Start of Block
lemma characters_vanish_iff_bounded:
  assumes u: "u \<in> Loc le" and ru: "(r, u) \<in> bd_fracs le"
  shows "(\<forall>\<psi>. bd.character \<psi> \<longrightarrow> \<psi> (Fraction r u) = 0) \<longleftrightarrow>
    (\<forall>n::nat. n \<ge> 1 \<longrightarrow> le (- u) (of_nat n * r) \<and> le (of_nat n * r) u)"
proof -
  have x: "Fraction r u \<in> bd_ring"
    by (rule Fraction_in_bd_ring[OF ru])
  have character_value: "\<psi> (1 - of_nat n * Fraction r u) = 1 - real n * \<psi> (Fraction r u)"
    "\<psi> (1 + of_nat n * Fraction r u) = 1 + real n * \<psi> (Fraction r u)"
    if "bd.character \<psi>" for \<psi> n
    using that x
    by (simp_all add: bd.character_diff bd.character_add bd.character_one bd.character_of_nat_mult
        bd.one_mem bd.mult_mem bd.of_nat_mem)
  have in_ring: "1 - of_nat n * Fraction r u \<in> bd_ring" "1 + of_nat n * Fraction r u \<in> bd_ring" for n
    using x by (auto intro!: bd.diff_mem bd.add_mem bd.mult_mem bd.one_mem bd.of_nat_mem)
  show ?thesis
  proof (intro iffI allI impI)
    assume vanish: "\<forall>\<psi>. bd.character \<psi> \<longrightarrow> \<psi> (Fraction r u) = 0"
    fix n :: nat
    have "1 - of_nat n * Fraction r u \<in> bd_cone"
      by (rule bd.in_cone_if_characters_pos[OF in_ring(1)]) (simp add: vanish character_value)
    moreover have "1 + of_nat n * Fraction r u \<in> bd_cone"
      by (rule bd.in_cone_if_characters_pos[OF in_ring(2)]) (simp add: vanish character_value)
    ultimately show "le (- u) (of_nat n * r) \<and> le (of_nat n * r) u"
      using one_diff_mult_Fraction_in_bd_cone_iff[OF u ru] one_add_mult_Fraction_in_bd_cone_iff[OF u ru]
      by blast
  next
    assume bounded: "\<forall>n::nat. n \<ge> 1 \<longrightarrow> le (- u) (of_nat n * r) \<and> le (of_nat n * r) u"
    fix \<psi> assume \<psi>: "bd.character \<psi>"
    have "- 1 \<le> real n * \<psi> (Fraction r u) \<and> real n * \<psi> (Fraction r u) \<le> 1" if "n \<ge> 1" for n
    proof -
      have "1 - of_nat n * Fraction r u \<in> bd_cone" "1 + of_nat n * Fraction r u \<in> bd_cone"
        using that bounded one_diff_mult_Fraction_in_bd_cone_iff[OF u ru]
          one_add_mult_Fraction_in_bd_cone_iff[OF u ru] by blast+
      then show ?thesis
        using bd.character_nonneg[OF \<psi>] character_value[OF \<psi>] by fastforce
    qed
    then show "\<psi> (Fraction r u) = 0"
      by (rule eq_0_if_nat_mult_bounded)
  qed
qed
End of Block
> _REQUIRED WORK_:
Give back the entries above precisely as they appear.

> _RESPONSE TO THIS EXERCISE_:
lemma characters_vanish_iff_bounded:
  assumes u: "u \<in> Loc le" and ru: "(r, u) \<in> bd_fracs le"
  shows "(\<forall>\<psi>. bd.character \<psi> \<longrightarrow> \<psi> (Fraction r u) = 0) \<longleftrightarrow>
    (\<forall>n::nat. n \<ge> 1 \<longrightarrow> le (- u) (of_nat n * r) \<and> le (of_nat n * r) u)"
proof -
  have x: "Fraction r u \<in> bd_ring"
    by (rule Fraction_in_bd_ring[OF ru])
  have character_value: "\<psi> (1 - of_nat n * Fraction r u) = 1 - real n * \<psi> (Fraction r u)"
    "\<psi> (1 + of_nat n * Fraction r u) = 1 + real n * \<psi> (Fraction r u)"
    if "bd.character \<psi>" for \<psi> n
    using that x
    by (simp_all add: bd.character_diff bd.character_add bd.character_one bd.character_of_nat_mult
        bd.one_mem bd.mult_mem bd.of_nat_mem)
  have in_ring: "1 - of_nat n * Fraction r u \<in> bd_ring" "1 + of_nat n * Fraction r u \<in> bd_ring" for n
    using x by (auto intro!: bd.diff_mem bd.add_mem bd.mult_mem bd.one_mem bd.of_nat_mem)
  show ?thesis
  proof (intro iffI allI impI)
    assume vanish: "\<forall>\<psi>. bd.character \<psi> \<longrightarrow> \<psi> (Fraction r u) = 0"
    fix n :: nat
    have "1 - of_nat n * Fraction r u \<in> bd_cone"
      by (rule bd.in_cone_if_characters_pos[OF in_ring(1)]) (simp add: vanish character_value)
    moreover have "1 + of_nat n * Fraction r u \<in> bd_cone"
      by (rule bd.in_cone_if_characters_pos[OF in_ring(2)]) (simp add: vanish character_value)
    ultimately show "le (- u) (of_nat n * r) \<and> le (of_nat n * r) u"
      using one_diff_mult_Fraction_in_bd_cone_iff[OF u ru] one_add_mult_Fraction_in_bd_cone_iff[OF u ru]
      by blast
  next
    assume bounded: "\<forall>n::nat. n \<ge> 1 \<longrightarrow> le (- u) (of_nat n * r) \<and> le (of_nat n * r) u"
    fix \<psi> assume \<psi>: "bd.character \<psi>"
    have "- 1 \<le> real n * \<psi> (Fraction r u) \<and> real n * \<psi> (Fraction r u) \<le> 1" if "n \<ge> 1" for n
    proof -
      have "1 - of_nat n * Fraction r u \<in> bd_cone" "1 + of_nat n * Fraction r u \<in> bd_cone"
        using that bounded one_diff_mult_Fraction_in_bd_cone_iff[OF u ru]
          one_add_mult_Fraction_in_bd_cone_iff[OF u ru] by blast+
      then show ?thesis
        using bd.character_nonneg[OF \<psi>] character_value[OF \<psi>] by fastforce
    qed
    then show "\<psi> (Fraction r u) = 0"
      by (rule eq_0_if_nat_mult_bounded)
  qed
qed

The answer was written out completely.